→ TASK PROMPT
In the listing below, find each line that holds the string "close" and copy it.

→ RAW DATA
<<<<

(* Let $\mathbb{X}$ be a Cartesian left additive category and $f_\bullet:A\to B$ a pre-$\mathsf{D}$-sequence. The following are equivalent: (i) $f_\bullet$ is a $\mathsf{D}$-sequence; (ii) for each $n\in\mathbb{N}$ and $k\le n$: [DS.1$'$] $\mathsf{P}^k(\langle1,0\rangle)f_{n+1}=0$; [DS.2$'$] $\mathsf{P}^k(1\times(\pi_0+\pi_1))f_{n+1}=\mathsf{P}^k(1\times\pi_0)f_{n+1}+\mathsf{P}^k(1\times\pi_1)f_{n+1}$; [DS.3$'$] $\mathsf{P}^k(\ell)f_{n+2}=f_{n+1}$ with $\ell:\mathsf{P}^{n-k+1}(A)\to\mathsf{P}^{n-k+2}(A)$; [DS.4$'$] $\mathsf{P}^k(c)f_{n+2}=f_{n+2}$ with $c:\mathsf{P}^{n-k+2}(A)\to\mathsf{P}^{n-k+2}(A)$. Here, with $E=\mathsf{P}^{n-k}(A)$, $\langle1,0\rangle:E\to E\times E$, $1\times(\pi_0+\pi_1),1\times\pi_j:E\times(E\times E)\to E\times E$, $\ell=\langle1,0\rangle\times\langle0,1\rangle:E\times E\to(E\times E)\times(E\times E)$ and $c=\langle\langle\pi_0\pi_0,\pi_1\pi_0\rangle,\langle\pi_0\pi_1,\pi_1\pi_1\rangle\rangle$ on $(E\times E)\times(E\times E)$.
   Context: Composition in diagrammatic order. A Cartesian left additive category: finite products, hom-sets commutative monoids with $f(g+h)=fg+fh$, $f0=0$, projections additive. $\mathsf{P}(A)=A\times A$, $\mathsf{P}(f)=f\times f$. A pre-$\mathsf{D}$-sequence $f_\bullet:A\to B$ is a sequence $(f_0,f_1,\dots)$ with $f_n:\mathsf{P}^n(A)\to B$. For $h:A'\to A$, $h\cdot f_\bullet$ is the pre-$\mathsf{D}$-sequence $(h\cdot f_\bullet)_n=\mathsf{P}^n(h)f_n$; $\mathsf{D}[f_\bullet]:\mathsf{P}(A)\to B$ is $\mathsf{D}[f_\bullet]_n=f_{n+1}$, and $\mathsf{D}^m$ is its iterate; sums and $0_\bullet$ are pointwise. $f_\bullet$ is a $\mathsf{D}$-sequence if for all $n$, with $C=\mathsf{P}^n(A)$ and the maps $\langle1,0\rangle$, $1\times(\pi_0+\pi_1)$, $1\times\pi_j$, $\ell$, $c$ defined as in the claim for the object $C$: [DS.1] $\langle1,0\rangle\cdot\mathsf{D}^{n+1}[f_\bullet]=0_\bullet$; [DS.2] $(1\times(\pi_0+\pi_1))\cdot\mathsf{D}^{n+1}[f_\bullet]=((1\times\pi_0)\cdot\mathsf{D}^{n+1}[f_\bullet])+((1\times\pi_1)\cdot\mathsf{D}^{n+1}[f_\bullet])$; [DS.3] $\ell\cdot\mathsf{D}^{n+2}[f_\bullet]=\mathsf{D}^{n+1}[f_\bullet]$; [DS.4] $c\cdot\mathsf{D}^{n+2}[f_\bullet]=\mathsf{D}^{n+2}[f_\bullet]$. *)

theory Defs
  imports Main
begin

text \<open>Composition is written in DIAGRAMMATIC order: ccomp X f g is "f then g".\<close>

record ('o,'a) cla =
  cdom  :: "'a \<Rightarrow> 'o"
  ccod  :: "'a \<Rightarrow> 'o"
  ccomp :: "'a \<Rightarrow> 'a \<Rightarrow> 'a"
  cid   :: "'o \<Rightarrow> 'a"
  cprod :: "'o \<Rightarrow> 'o \<Rightarrow> 'o"
  cpi0  :: "'o \<Rightarrow> 'o \<Rightarrow> 'a"
  cpi1  :: "'o \<Rightarrow> 'o \<Rightarrow> 'a"
  cpair :: "'a \<Rightarrow> 'a \<Rightarrow> 'a"
  cterm :: "'o"
  cbang :: "'o \<Rightarrow> 'a"
  cadd  :: "'a \<Rightarrow> 'a \<Rightarrow> 'a"
  czero :: "'o \<Rightarrow> 'o \<Rightarrow> 'a"

definition hom :: "('o,'a) cla \<Rightarrow> 'o \<Rightarrow> 'o \<Rightarrow> 'a set" where
  "hom X A B = {f. cdom X f = A \<and> ccod X f = B}"

locale cla_cat =
  fixes X :: "('o,'a) cla"
  assumes id_hom: "cid X A \<in> hom X A A"
    and comp_hom: "f \<in> hom X A B \<Longrightarrow> g \<in> hom X B C \<Longrightarrow> ccomp X f g \<in> hom X A C"
    and id_left: "f \<in> hom X A B \<Longrightarrow> ccomp X (cid X A) f = f"
    and id_right: "f \<in> hom X A B \<Longrightarrow> ccomp X f (cid X B) = f"
    and comp_assoc: "f \<in> hom X A B \<Longrightarrow> g \<in> hom X B C \<Longrightarrow> h \<in> hom X C D \<Longrightarrow>
        ccomp X (ccomp X f g) h = ccomp X f (ccomp X g h)"
    and pi0_hom: "cpi0 X A B \<in> hom X (cprod X A B) A"
    and pi1_hom: "cpi1 X A B \<in> hom X (cprod X A B) B"
    and pair_hom: "f \<in> hom X C A \<Longrightarrow> g \<in> hom X C B \<Longrightarrow> cpair X f g \<in> hom X C (cprod X A B)"
    and pair_pi0: "f \<in> hom X C A \<Longrightarrow> g \<in> hom X C B \<Longrightarrow> ccomp X (cpair X f g) (cpi0 X A B) = f"
    and pair_pi1: "f \<in> hom X C A \<Longrightarrow> g \<in> hom X C B \<Longrightarrow> ccomp X (cpair X f g) (cpi1 X A B) = g"
    and pair_unique: "h \<in> hom X C (cprod X A B) \<Longrightarrow>
        cpair X (ccomp X h (cpi0 X A B)) (ccomp X h (cpi1 X A B)) = h"
    and bang_hom: "cbang X A \<in> hom X A (cterm X)"
    and bang_unique: "f \<in> hom X A (cterm X) \<Longrightarrow> f = cbang X A"
    and add_hom: "f \<in> hom X A B \<Longrightarrow> g \<in> hom X A B \<Longrightarrow> cadd X f g \<in> hom X A B"
    and zero_hom: "czero X A B \<in> hom X A B"
    and add_assoc: "f \<in> hom X A B \<Longrightarrow> g \<in> hom X A B \<Longrightarrow> h \<in> hom X A B \<Longrightarrow>
        cadd X (cadd X f g) h = cadd X f (cadd X g h)"
    and add_comm: "f \<in> hom X A B \<Longrightarrow> g \<in> hom X A B \<Longrightarrow> cadd X f g = cadd X g f"
    and add_zero: "f \<in> hom X A B \<Longrightarrow> cadd X f (czero X A B) = f"
    and comp_add: "f \<in> hom X A B \<Longrightarrow> g \<in> hom X B C \<Longrightarrow> h \<in> hom X B C \<Longrightarrow>
        ccomp X f (cadd X g h) = cadd X (ccomp X f g) (ccomp X f h)"
    and comp_zero: "f \<in> hom X A B \<Longrightarrow> ccomp X f (czero X B C) = czero X A C"
    and add_pi0: "f \<in> hom X C (cprod X A B) \<Longrightarrow> g \<in> hom X C (cprod X A B) \<Longrightarrow>
        ccomp X (cadd X f g) (cpi0 X A B) = cadd X (ccomp X f (cpi0 X A B)) (ccomp X g (cpi0 X A B))"
    and zero_pi0: "ccomp X (czero X C (cprod X A B)) (cpi0 X A B) = czero X C A"
    and add_pi1: "f \<in> hom X C (cprod X A B) \<Longrightarrow> g \<in> hom X C (cprod X A B) \<Longrightarrow>
        ccomp X (cadd X f g) (cpi1 X A B) = cadd X (ccomp X f (cpi1 X A B)) (ccomp X g (cpi1 X A B))"
    and zero_pi1: "ccomp X (czero X C (cprod X A B)) (cpi1 X A B) = czero X C B"

definition times :: "('o,'a) cla \<Rightarrow> 'a \<Rightarrow> 'a \<Rightarrow> 'a" where
  "times X f g = cpair X (ccomp X (cpi0 X (cdom X f) (cdom X g)) f)
                         (ccomp X (cpi1 X (cdom X f) (cdom X g)) g)"

definition Pob :: "('o,'a) cla \<Rightarrow> nat \<Rightarrow> 'o \<Rightarrow> 'o" where
  "Pob X n A = ((\<lambda>C. cprod X C C) ^^ n) A"

definition Par :: "('o,'a) cla \<Rightarrow> nat \<Rightarrow> 'a \<Rightarrow> 'a" where
  "Par X n h = ((\<lambda>g. times X g g) ^^ n) h"

definition unit10 :: "('o,'a) cla \<Rightarrow> 'o \<Rightarrow> 'a" where
  "unit10 X C = cpair X (cid X C) (czero X C C)"

definition unit01 :: "('o,'a) cla \<Rightarrow> 'o \<Rightarrow> 'a" where
  "unit01 X C = cpair X (czero X C C) (cid X C)"

definition sumpi :: "('o,'a) cla \<Rightarrow> 'o \<Rightarrow> 'a" where
  "sumpi X C = times X (cid X C) (cadd X (cpi0 X C C) (cpi1 X C C))"

definition idpi0 :: "('o,'a) cla \<Rightarrow> 'o \<Rightarrow> 'a" where
  "idpi0 X C = times X (cid X C) (cpi0 X C C)"

definition idpi1 :: "('o,'a) cla \<Rightarrow> 'o \<Rightarrow> 'a" where
  "idpi1 X C = times X (cid X C) (cpi1 X C C)"

definition lift :: "('o,'a) cla \<Rightarrow> 'o \<Rightarrow> 'a" where
  "lift X C = times X (unit10 X C) (unit01 X C)"

definition flip :: "('o,'a) cla \<Rightarrow> 'o \<Rightarrow> 'a" where
  "flip X C = (let D = cprod X C C in
     cpair X (cpair X (ccomp X (cpi0 X D D) (cpi0 X C C)) (ccomp X (cpi1 X D D) (cpi0 X C C)))
             (cpair X (ccomp X (cpi0 X D D) (cpi1 X C C)) (ccomp X (cpi1 X D D) (cpi1 X C C))))"

definition pre_dseq :: "('o,'a) cla \<Rightarrow> 'o \<Rightarrow> 'o \<Rightarrow> (nat \<Rightarrow> 'a) \<Rightarrow> bool" where
  "pre_dseq X A B f \<longleftrightarrow> (\<forall>n. f n \<in> hom X (Pob X n A) B)"

definition act :: "('o,'a) cla \<Rightarrow> 'a \<Rightarrow> (nat \<Rightarrow> 'a) \<Rightarrow> (nat \<Rightarrow> 'a)" where
  "act X h f = (\<lambda>n. ccomp X (Par X n h) (f n))"

definition Dsq :: "(nat \<Rightarrow> 'a) \<Rightarrow> (nat \<Rightarrow> 'a)" where
  "Dsq f = (\<lambda>n. f (Suc n))"

definition sadd :: "('o,'a) cla \<Rightarrow> (nat \<Rightarrow> 'a) \<Rightarrow> (nat \<Rightarrow> 'a) \<Rightarrow> (nat \<Rightarrow> 'a)" where
  "sadd X f g = (\<lambda>n. cadd X (f n) (g n))"

definition szero :: "('o,'a) cla \<Rightarrow> 'o \<Rightarrow> 'o \<Rightarrow> (nat \<Rightarrow> 'a)" where
  "szero X A B = (\<lambda>n. czero X (Pob X n A) B)"

definition dseq :: "('o,'a) cla \<Rightarrow> 'o \<Rightarrow> 'o \<Rightarrow> (nat \<Rightarrow> 'a) \<Rightarrow> bool" where
  "dseq X A B f \<longleftrightarrow> pre_dseq X A B f \<and>
    (\<forall>n. let C = Pob X n A in
      act X (unit10 X C) ((Dsq ^^ (n+1)) f) = szero X C B \<and>
      act X (sumpi X C) ((Dsq ^^ (n+1)) f) =
        sadd X (act X (idpi0 X C) ((Dsq ^^ (n+1)) f)) (act X (idpi1 X C) ((Dsq ^^ (n+1)) f)) \<and>
      act X (lift X C) ((Dsq ^^ (n+2)) f) = (Dsq ^^ (n+1)) f \<and>
      act X (flip X C) ((Dsq ^^ (n+2)) f) = (Dsq ^^ (n+2)) f)"

end

theory Submission
  imports Defs
begin

text \<open>Both sides say the same thing after reindexing: the m-th component of
  h \<cdot> D^(j+1)[f] is P^m(h) f_(j+m+1), so axiom [DS.i] at level j, component m, is
  condition [DS.i'] with n = j + m and k = m. Hence none of the axioms of a Cartesian
  left additive category is needed.\<close>

lemma Dsq_funpow: "(Dsq ^^ j) f = (\<lambda>i. f (j + i))"
  by (induction j arbitrary: f) (auto simp: Dsq_def)

lemma Pob_Pob: "Pob X k (Pob X j A) = Pob X (k + j) A"
  unfolding Pob_def by (simp add: funpow_add)

definition dseq_axioms_at :: "('o,'a) cla \<Rightarrow> 'o \<Rightarrow> 'o \<Rightarrow> (nat \<Rightarrow> 'a) \<Rightarrow> nat \<Rightarrow> nat \<Rightarrow> bool" where
  "dseq_axioms_at X A B f j k \<longleftrightarrow> (let E = Pob X j A in
      ccomp X (Par X k (unit10 X E)) (f (j+k+1)) = czero X (Pob X (j+k) A) B \<and>
      ccomp X (Par X k (sumpi X E)) (f (j+k+1)) =
        cadd X (ccomp X (Par X k (idpi0 X E)) (f (j+k+1))) (ccomp X (Par X k (idpi1 X E)) (f (j+k+1))) \<and>
      ccomp X (Par X k (lift X E)) (f (j+k+2)) = f (j+k+1) \<and>
      ccomp X (Par X k (flip X E)) (f (j+k+2)) = f (j+k+2))"

lemma dseq_iff_axioms_at:
  "dseq X A B f \<longleftrightarrow> pre_dseq X A B f \<and> (\<forall>j k. dseq_axioms_at X A B f j k)"
  unfolding dseq_def dseq_axioms_at_def Dsq_funpow act_def szero_def sadd_def
  by (simp add: Let_def fun_eq_iff Pob_Pob ac_simps) blast

lemma all_le_iff_all_add:
  "(\<forall>n k::nat. k \<le> n \<longrightarrow> P (n - k) k) \<longleftrightarrow> (\<forall>j k. P j k)"
  by (metis add_diff_cancel_right' le_add2)

theorem proposition4p2:
  fixes X :: "('o,'a) cla" and A B :: 'o and f :: "nat \<Rightarrow> 'a"
  assumes "cla_cat X"
    and "pre_dseq X A B f"
  shows "dseq X A B f \<longleftrightarrow>
    (\<forall>n k. k \<le> n \<longrightarrow> (let E = Pob X (n - k) A in
      ccomp X (Par X k (unit10 X E)) (f (n+1)) = czero X (Pob X n A) B \<and>
      ccomp X (Par X k (sumpi X E)) (f (n+1)) =
        cadd X (ccomp X (Par X k (idpi0 X E)) (f (n+1))) (ccomp X (Par X k (idpi1 X E)) (f (n+1))) \<and>
      ccomp X (Par X k (lift X E)) (f (n+2)) = f (n+1) \<and>
      ccomp X (Par X k (flip X E)) (f (n+2)) = f (n+2)))"
proof -
  have "(\<forall>n k. k \<le> n \<longrightarrow> dseq_axioms_at X A B f (n - k) k) \<longleftrightarrow> (\<forall>j k. dseq_axioms_at X A B f j k)"
    by (rule all_le_iff_all_add)
  then show ?thesis
    using assms(2) by (simp add: dseq_iff_axioms_at dseq_axioms_at_def cong: conj_cong)
qed

end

>>>>

→ TASK RESPONSE
text \<open>Composition is written in DIAGRAMMATIC order: ccomp X f g is "f then g".\<close>
  left additive category is needed.\<close>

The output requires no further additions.